Fig. 3. Target system architecture

To simulate this system running realistic benchmarks and Linux in a traditional RTL simulator would need an unfeasible amount of time with a typical equivalent frequency of 100 Hz so we have used a specialized emulator machine (Cadence Palladium XP [28]). This emulator is a processor-based hardware/software verification and computing platform. RTL gets compiled into binary code that runs on the specialized processors available in the emulator. The designs run up to an equivalent frequency of 4 MHz. This is a fraction of the performance that could be obtained with a FPGA-based emulation but it has the advantage that the compilation runs are much faster than the place and routing jobs needed for the
FPGA. The high-level activity data is collected in the HLA monitor unit. Once this activity data has been extracted from the emulator the power models can be used to observe how system energy changes in each of the system components with time.

5. SoC power models

The linear regression methodology described in section 3 was used to obtain the power models for the memory controller, interconnect and processor cores which are IP cores developed by ARM and RTL is available for them. The power models for the LPDDR2, L2 cache and PHY were obtained based on data sheets and available Spice models. A summary of the activity metrics used for the power models in the system and the obtained normalized power coefficients are presented in Table 2.

5.1 CPU power model

To characterize the CPU power that includes the L1 caches, we built a test bench connecting the CPU to a DRAM controller via an AXI interconnect, in a similar setup as in our target system. The L1 cache is added to the CPU model because the fully implemented Cortex A9 hard macro already includes the L1 cache and removing it will imply the design of a new hard macro that will not represent the available product. The L1 is considered as an additional unit that forms part of the processor implementation and its activity is traced using the available performance counters since it is expected to have an impact on power. We used random instruction sequences as power benchmarks. The random instruction sequences have a constrained proportion of integer to floating point instruction ratios and contain typical program structures such as one and multi dimensional loops, memory intensive regions, etc. to ensure the activity space is thoroughly covered.
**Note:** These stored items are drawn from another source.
lemma left_regular_mat_is_rep:
  fixes G (structure)
  assumes grp: "group G" and e: "bij_betw e {0..<card (carrier G)} (carrier G)"
  shows "is_rep G (card (carrier G)) (left_regular_mat G e)"
  unfolding is_rep_def
proof (intro conjI ballI)
  interpret group G by (rule grp)
  let ?N = "card (carrier G)"
  have ein: "e a \<in> carrier G" if "a < ?N" for a using e that unfolding bij_betw_def by auto
  have einj: "e a = e b \<longleftrightarrow> a = b" if "a < ?N" "b < ?N" for a b
    using e that unfolding bij_betw_def inj_on_def by auto
  show "left_regular_mat G e \<one> = 1\<^sub>m ?N"
    unfolding left_regular_mat_def by (rule eq_matI) (auto simp: einj ein)
  fix x y assume x: "x \<in> carrier G" and y: "y \<in> carrier G"
  show "left_regular_mat G e (x \<otimes> y) = left_regular_mat G e x * left_regular_mat G e y"
  proof (rule eq_matI)
    fix a b assume "a < dim_row (left_regular_mat G e x * left_regular_mat G e y)"
      "b < dim_col (left_regular_mat G e x * left_regular_mat G e y)"
    hence a: "a < ?N" and b: "b < ?N" unfolding left_regular_mat_def by auto
    obtain c0 where c0: "c0 < ?N" "e c0 = y \<otimes> e b"
      using e y ein[OF b] unfolding bij_betw_def by (metis atLeastLessThan_iff imageE m_closed)
    have "(left_regular_mat G e x * left_regular_mat G e y) $$ (a,b) =
        (\<Sum>c<?N. (if e a = x \<otimes> e c then 1 else 0) * (if e c = y \<otimes> e b then 1 else (0::complex)))"
      using a b unfolding left_regular_mat_def
      by (auto simp: scalar_prod_def lessThan_atLeast0 intro!: sum.cong)
    also have "\<dots> = (\<Sum>c<?N. if c = c0 then (if e a = x \<otimes> e c then 1 else 0) else 0)"
      using c0 einj[OF _ c0(1)] by (intro sum.cong) auto
    also have "\<dots> = left_regular_mat G e (x \<otimes> y) $$ (a,b)"
      using a b x y c0 ein[OF b] unfolding left_regular_mat_def by (simp add: m_assoc)
    finally show "left_regular_mat G e (x \<otimes> y) $$ (a,b)
        = (left_regular_mat G e x * left_regular_mat G e y) $$ (a,b)" by simp
  qed (auto simp: left_regular_mat_def)
qed (auto simp: left_regular_mat_def)

lemma left_regular_mat_trace:
  fixes G (structure)
  assumes grp: "group G" and e: "bij_betw e {0..<card (carrier G)} (carrier G)" and x: "x \<in> carrier G"
  shows "mat_trace (left_regular_mat G e x) = (if x = \<one> then of_nat (card (carrier G)) else 0)"
proof -
  interpret group G by (rule grp)
  have "e a \<in> carrier G" if "a < card (carrier G)" for a using e that unfolding bij_betw_def by auto
  hence "mat_trace (left_regular_mat G e x) = (\<Sum>a<card (carrier G). if x = \<one> then 1 else 0)"
    unfolding mat_trace_def left_regular_mat_def using x by (intro sum.cong) auto
  thus ?thesis by simp
qed

text \<open>The pairing is bilinear: f is not conjugated.\<close>

definition coeff_orthogonal ::
  "('a, 'b) monoid_scheme \<Rightarrow> ('a \<Rightarrow> complex) \<Rightarrow> nat \<Rightarrow> ('a \<Rightarrow> complex mat) \<Rightarrow> bool"
  where "coeff_orthogonal G f d \<rho> \<longleftrightarrow> (\<forall>a<d. \<forall>b<d. (\<Sum>x\<in>carrier G. f x * \<rho> x $$ (a,b)) = 0)"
We found that the performance counters of the Cortex-A9 processor are good activity metrics for power modeling, and we mainly used these metrics as regressors. We also used a few additional terms, which are derived from the performance monitor signals through simple Boolean functions. Using the performance counters as regressors has the additional benefit that they can be captured easily from silicon, therefore validating the model against a test chip is relatively easy. Fig. 4 shows the histogram of model error compared to the reference power data.
5.2 L2 cache power model

The L2 memories are generated by a memory compiler as hard macros. To obtain a power model for the L2 we make use of the data sheets generated by the memory compiler. The data sheets provide information on the read and write currents and voltage settings so it is possible to estimate the power used by each type of access to each memory block.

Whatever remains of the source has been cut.